#### Problem requirements:
Only some lines are wanted. Transcribe, exactly, the lines below from the line with "k (App s t)" up to and including the line with "and the two".

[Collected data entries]
(* For finite lists $\vec p,\vec q$ of positions write $\vec p \ge \vec q$ (equivalently $\vec q\le\vec p$) if $\vec q$ is a subsequence of $\vec p$. Extend this to atomic clocked Böhm trees: $T_1\le T_2$ if $T_1,T_2$ coincide after erasing annotations and at every position either neither subtree has a root annotation or both do with annotations $\vec a_1\le\vec a_2$; $T_1\le_{\mathrm{ev}}T_2$ (resp. $T_1=_{\mathrm{ev}}T_2$) if they coincide after erasing annotations and there is $\ell$ such that this condition with $\le$ (resp. with equality) holds at all positions of length $\ge\ell$. Then for all $\lambda$-terms $M,N$: (a) if $M\twoheadrightarrow_\beta N$ then $\mathrm{BT}^a(M)\ge\mathrm{BT}^a(N)$; (b) if there is no $M'$ with $M\twoheadrightarrow_\beta M'$ and $\mathrm{BT}^a(M')\le\mathrm{BT}^a(N)$, then $M\neq_\beta N$; (c) if $M$ is simple and $M\twoheadrightarrow_\beta N$, then $\mathrm{BT}^a(M)=_{\mathrm{ev}}\mathrm{BT}^a(N)$; (d) if $M$ is simple and not $\mathrm{BT}^a(M)\le_{\mathrm{ev}}\mathrm{BT}^a(N)$, then $M\neq_\beta N$; (e) if $M$ and $N$ are simple and not $\mathrm{BT}^a(M)=_{\mathrm{ev}}\mathrm{BT}^a(N)$, then $M\neq_\beta N$.
   Context: Untyped $\lambda$-calculus modulo $\alpha$. Positions are sequences over $\{0,1,2\}$ ($0$ abstraction body, $1$ function part, $2$ argument of an application). A head reduction step is a $\beta$-step $\lambda x_1\ldots x_n.(\lambda y.P)QQ_1\ldots Q_m \to \lambda x_1\ldots x_n.P[y:=Q]Q_1\ldots Q_m$; its position is the position of the contracted redex. A hnf is a term $\lambda x_1\ldots x_n.\,yQ_1\ldots Q_m$. The atomic clocked Böhm tree $\mathrm{BT}^a(M)$ is defined coinductively: $\bot$ if $M$ has no hnf; otherwise, if the head reduction of $M$ to hnf consists of steps at positions $p_1,\dots,p_k$ (in order) and ends in $\lambda x_1\ldots x_n.\,yM_1\ldots M_m$, then $\mathrm{BT}^a(M)$ is the tree $\lambda x_1\ldots x_n.\,y\,\mathrm{BT}^a(M_1)\ldots\mathrm{BT}^a(M_m)$ whose root node is annotated with the list $\langle p_1,\dots,p_k\rangle$. A redex $(\lambda x.P)Q$ is simple if $x$ occurs at most once in $P$ or $Q$ is a $\beta$-normal form. The simple terms form the largest set $X$ such that each $M\in X$ either has no hnf, or its head reduction to hnf $\lambda x_1\ldots x_n.\,yM_1\ldots M_m$ contracts only simple redexes and $M_1,\dots,M_m\in X$. *)

theory Defs
  imports Main "HOL-Library.Sublist"
begin

datatype dB = Var nat | App dB dB | Abs dB

type_synonym pos = "nat list"  (* 0: abstraction body, 1: function part, 2: argument *)

primrec lift :: "dB \<Rightarrow> nat \<Rightarrow> dB" where
  "lift (Var i) k = (if i < k then Var i else Var (Suc i))"
| "lift (App s t) k = App (lift s k) (lift t k)"
| "lift (Abs s) k = Abs (lift s (Suc k))"

primrec subst :: "dB \<Rightarrow> dB \<Rightarrow> nat \<Rightarrow> dB" where
  "subst (Var i) s k = (if k < i then Var (i - 1) else if i = k then s else Var i)"
| "subst (App t u) s k = App (subst t s k) (subst u s k)"
| "subst (Abs t) s k = Abs (subst t (lift s 0) (Suc k))"

inductive beta :: "dB \<Rightarrow> dB \<Rightarrow> bool" where
  beta_redex: "beta (App (Abs s) t) (subst s t 0)"
| beta_appL: "beta s t \<Longrightarrow> beta (App s u) (App t u)"
| beta_appR: "beta s t \<Longrightarrow> beta (App u s) (App u t)"
| beta_abs: "beta s t \<Longrightarrow> beta (Abs s) (Abs t)"

abbreviation beta_reds :: "dB \<Rightarrow> dB \<Rightarrow> bool" where
  "beta_reds \<equiv> beta\<^sup>*\<^sup>*"

abbreviation beta_conv :: "dB \<Rightarrow> dB \<Rightarrow> bool" where
  "beta_conv \<equiv> equivclp beta"

definition beta_nf :: "dB \<Rightarrow> bool" where
  "beta_nf M \<longleftrightarrow> \<not> (\<exists>N. beta M N)"

inductive hstep :: "dB \<Rightarrow> pos \<Rightarrow> dB \<Rightarrow> bool" where
  hstep_redex: "hstep (App (Abs P) Q) [] (subst P Q 0)"
| hstep_app: "hstep M p M' \<Longrightarrow> M = App A B \<Longrightarrow> hstep (App M Q) (1 # p) (App M' Q)"
| hstep_abs: "hstep M p M' \<Longrightarrow> hstep (Abs M) (0 # p) (Abs M')"

inductive hred :: "dB \<Rightarrow> (pos \<times> dB) list \<Rightarrow> dB \<Rightarrow> bool" where
  hred_refl: "hred M [] M"
| hred_step: "hstep M p M' \<Longrightarrow> hred M' s N \<Longrightarrow> hred M ((p, M) # s) N"

fun strip_abs :: "dB \<Rightarrow> nat \<times> dB" where
  "strip_abs (Abs M) = (case strip_abs M of (n, B) \<Rightarrow> (Suc n, B))"
| "strip_abs M = (0, M)"

fun strip_app :: "dB \<Rightarrow> dB \<times> dB list" where
  "strip_app (App M N) = (case strip_app M of (h, as) \<Rightarrow> (h, as @ [N]))"
| "strip_app M = (M, [])"

text \<open>hnf: \<open>\<lambda>x1..xn. y Q1 .. Qm\<close>\<close>
definition is_hnf :: "dB \<Rightarrow> bool" where
  "is_hnf M \<longleftrightarrow> (\<exists>y. fst (strip_app (snd (strip_abs M))) = Var y)"

definition hnf_nabs :: "dB \<Rightarrow> nat" where
  "hnf_nabs M = fst (strip_abs M)"

definition hnf_head :: "dB \<Rightarrow> nat" where
  "hnf_head M = (case fst (strip_app (snd (strip_abs M))) of Var y \<Rightarrow> y | _ \<Rightarrow> 0)"

definition hnf_args :: "dB \<Rightarrow> dB list" where
  "hnf_args M = snd (strip_app (snd (strip_abs M)))"

definition has_hnf :: "dB \<Rightarrow> bool" where
  "has_hnf M \<longleftrightarrow> (\<exists>N. beta_conv M N \<and> is_hnf N)"

definition hnf_red :: "dB \<Rightarrow> (pos \<times> dB) list \<times> dB" where
  "hnf_red M = (THE (s, N). hred M s N \<and> is_hnf N)"

text \<open>Node a n y ts represents \<open>\<lambda>x1..xn. y t1 .. tm\<close> with root annotation a;
  y is a de Bruijn index.\<close>
codatatype 'a bt = Bot | Node 'a nat nat "'a bt list"

primcorec BTa :: "dB \<Rightarrow> pos list bt" where
  "BTa M = (if has_hnf M
     then Node (map fst (fst (hnf_red M))) (hnf_nabs (snd (hnf_red M)))
               (hnf_head (snd (hnf_red M))) (map BTa (hnf_args (snd (hnf_red M))))
     else Bot)"

text \<open>Term position of the i-th (0-based) argument of a node with n abstractions and m arguments.\<close>
definition cpos :: "nat \<Rightarrow> nat \<Rightarrow> nat \<Rightarrow> pos" where
  "cpos n m i = replicate n 0 @ replicate (m - Suc i) 1 @ [2]"

inductive ann_at :: "'a bt \<Rightarrow> pos \<Rightarrow> 'a \<Rightarrow> bool" where
  ann_root: "ann_at (Node a n y ts) [] a"
| ann_child: "i < length ts \<Longrightarrow> ann_at (ts ! i) q b \<Longrightarrow>
     ann_at (Node a n y ts) (cpos n (length ts) i @ q) b"

definition erase :: "'a bt \<Rightarrow> unit bt" where
  "erase T = map_bt (\<lambda>_. ()) T"

definition ann_cond :: "(pos list \<Rightarrow> pos list \<Rightarrow> bool) \<Rightarrow> pos list bt \<Rightarrow> pos list bt \<Rightarrow> pos \<Rightarrow> bool" where
  "ann_cond R T1 T2 p \<longleftrightarrow>
     ((\<nexists>a. ann_at T1 p a) \<and> (\<nexists>a. ann_at T2 p a)) \<or>
     (\<exists>a1 a2. ann_at T1 p a1 \<and> ann_at T2 p a2 \<and> R a1 a2)"

definition bt_le :: "pos list bt \<Rightarrow> pos list bt \<Rightarrow> bool" where
  "bt_le T1 T2 \<longleftrightarrow> erase T1 = erase T2 \<and> (\<forall>p. ann_cond subseq T1 T2 p)"

definition bt_le_ev :: "pos list bt \<Rightarrow> pos list bt \<Rightarrow> bool" where
  "bt_le_ev T1 T2 \<longleftrightarrow> erase T1 = erase T2 \<and>
     (\<exists>l. \<forall>p. length p \<ge> l \<longrightarrow> ann_cond subseq T1 T2 p)"

definition bt_eq_ev :: "pos list bt \<Rightarrow> pos list bt \<Rightarrow> bool" where
  "bt_eq_ev T1 T2 \<longleftrightarrow> erase T1 = erase T2 \<and>
     (\<exists>l. \<forall>p. length p \<ge> l \<longrightarrow> ann_cond (=) T1 T2 p)"

fun subterm_at :: "dB \<Rightarrow> pos \<Rightarrow> dB option" where
  "subterm_at M [] = Some M"
| "subterm_at (Abs M) (0 # p) = subterm_at M p"
| "subterm_at (App M N) (Suc 0 # p) = subterm_at M p"
| "subterm_at (App M N) (Suc (Suc 0) # p) = subterm_at N p"
| "subterm_at _ _ = None"

primrec occ :: "nat \<Rightarrow> dB \<Rightarrow> nat" where
  "occ k (Var i) = (if i = k then 1 else 0)"
| "occ k (App s t) = occ k s + occ k t"
| "occ k (Abs s) = occ (Suc k) s"

definition simple_redex :: "dB \<Rightarrow> bool" where
  "simple_redex R \<longleftrightarrow> (\<exists>P Q. R = App (Abs P) Q \<and> (occ 0 P \<le> 1 \<or> beta_nf Q))"

coinductive simple :: "dB \<Rightarrow> bool" where
  simple_nohnf: "\<not> has_hnf M \<Longrightarrow> simple M"
| simple_hnf: "hred M s N \<Longrightarrow> is_hnf N \<Longrightarrow>
     (\<forall>(p, K) \<in> set s. \<exists>R. subterm_at K p = Some R \<and> simple_redex R) \<Longrightarrow>
     (\<forall>A \<in> set (hnf_args N). simple A) \<Longrightarrow> simple M"

end

theory Submission
  imports Defs "HOL-Library.Confluence"
begin

text \<open>Head reduction is deterministic, and a \<open>\<beta>\<close>-step of a term either contracts its head redex or
  leaves a residual of it at the same position. Following the head reduction of \<open>M\<close> along a
  reduction \<open>M \<twoheadrightarrow> N\<close> therefore turns it into the head reduction of \<open>N\<close> with some steps deleted,
  and the two head normal forms have the same shape with reducing arguments: recursing into the
  arguments gives (a), and (b) follows by Church--Rosser. If the contracted redexes are simple,
  pushing a reduction of \<open>k\<close> steps through such a contraction yields a reduction of at most \<open>k\<close>
  steps, and every head step that disappears consumes one of them. So a reduction of length \<open>k\<close>
  starting from a simple term changes the annotation at no more than \<open>k\<close> positions; this
  gives (c), and (d), (e) via a common reduct.\<close>

section \<open>Substitution and compatibility of reduction\<close>

abbreviation apps :: "dB \<Rightarrow> dB list \<Rightarrow> dB" where
  "apps M Ns \<equiv> foldl App M Ns"

primrec absn :: "nat \<Rightarrow> dB \<Rightarrow> dB" where
  "absn 0 M = M"
| "absn (Suc n) M = Abs (absn n M)"

lemma lift_lift: "i \<le> k \<Longrightarrow> lift (lift t i) (Suc k) = lift (lift t k) i"
  by (induct t arbitrary: i k) auto

lemma lift_subst: "j \<le> i \<Longrightarrow> lift (subst t s j) i = subst (lift t (Suc i)) (lift s i) j"
  by (induct t arbitrary: i j s) (auto simp: lift_lift)

lemma lift_subst_lt: "i \<le> j \<Longrightarrow> lift (subst t s j) i = subst (lift t i) (lift s i) (Suc j)"
  by (induct t arbitrary: i j s) (auto simp: lift_lift)

lemma subst_lift [simp]: "subst (lift t k) s k = t"
  by (induct t arbitrary: k s) auto

lemma subst_subst:
  "i \<le> j \<Longrightarrow> subst (subst t (lift v i) (Suc j)) (subst u v j) i = subst (subst t u i) v j"
  by (induct t arbitrary: i j u v) (auto simp: lift_lift[symmetric] lift_subst_lt)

#### Output of the exercise:
| "occ k (App s t) = occ k s + occ k t"
| "occ k (Abs s) = occ (Suc k) s"

definition simple_redex :: "dB \<Rightarrow> bool" where
  "simple_redex R \<longleftrightarrow> (\<exists>P Q. R = App (Abs P) Q \<and> (occ 0 P \<le> 1 \<or> beta_nf Q))"

coinductive simple :: "dB \<Rightarrow> bool" where
  simple_nohnf: "\<not> has_hnf M \<Longrightarrow> simple M"
| simple_hnf: "hred M s N \<Longrightarrow> is_hnf N \<Longrightarrow>
     (\<forall>(p, K) \<in> set s. \<exists>R. subterm_at K p = Some R \<and> simple_redex R) \<Longrightarrow>
     (\<forall>A \<in> set (hnf_args N). simple A) \<Longrightarrow> simple M"

end

theory Submission
  imports Defs "HOL-Library.Confluence"
begin

text \<open>Head reduction is deterministic, and a \<open>\<beta>\<close>-step of a term either contracts its head redex or
  leaves a residual of it at the same position. Following the head reduction of \<open>M\<close> along a
  reduction \<open>M \<twoheadrightarrow> N\<close> therefore turns it into the head reduction of \<open>N\<close> with some steps deleted,
  and the two head normal forms have the same shape with reducing arguments: recursing into the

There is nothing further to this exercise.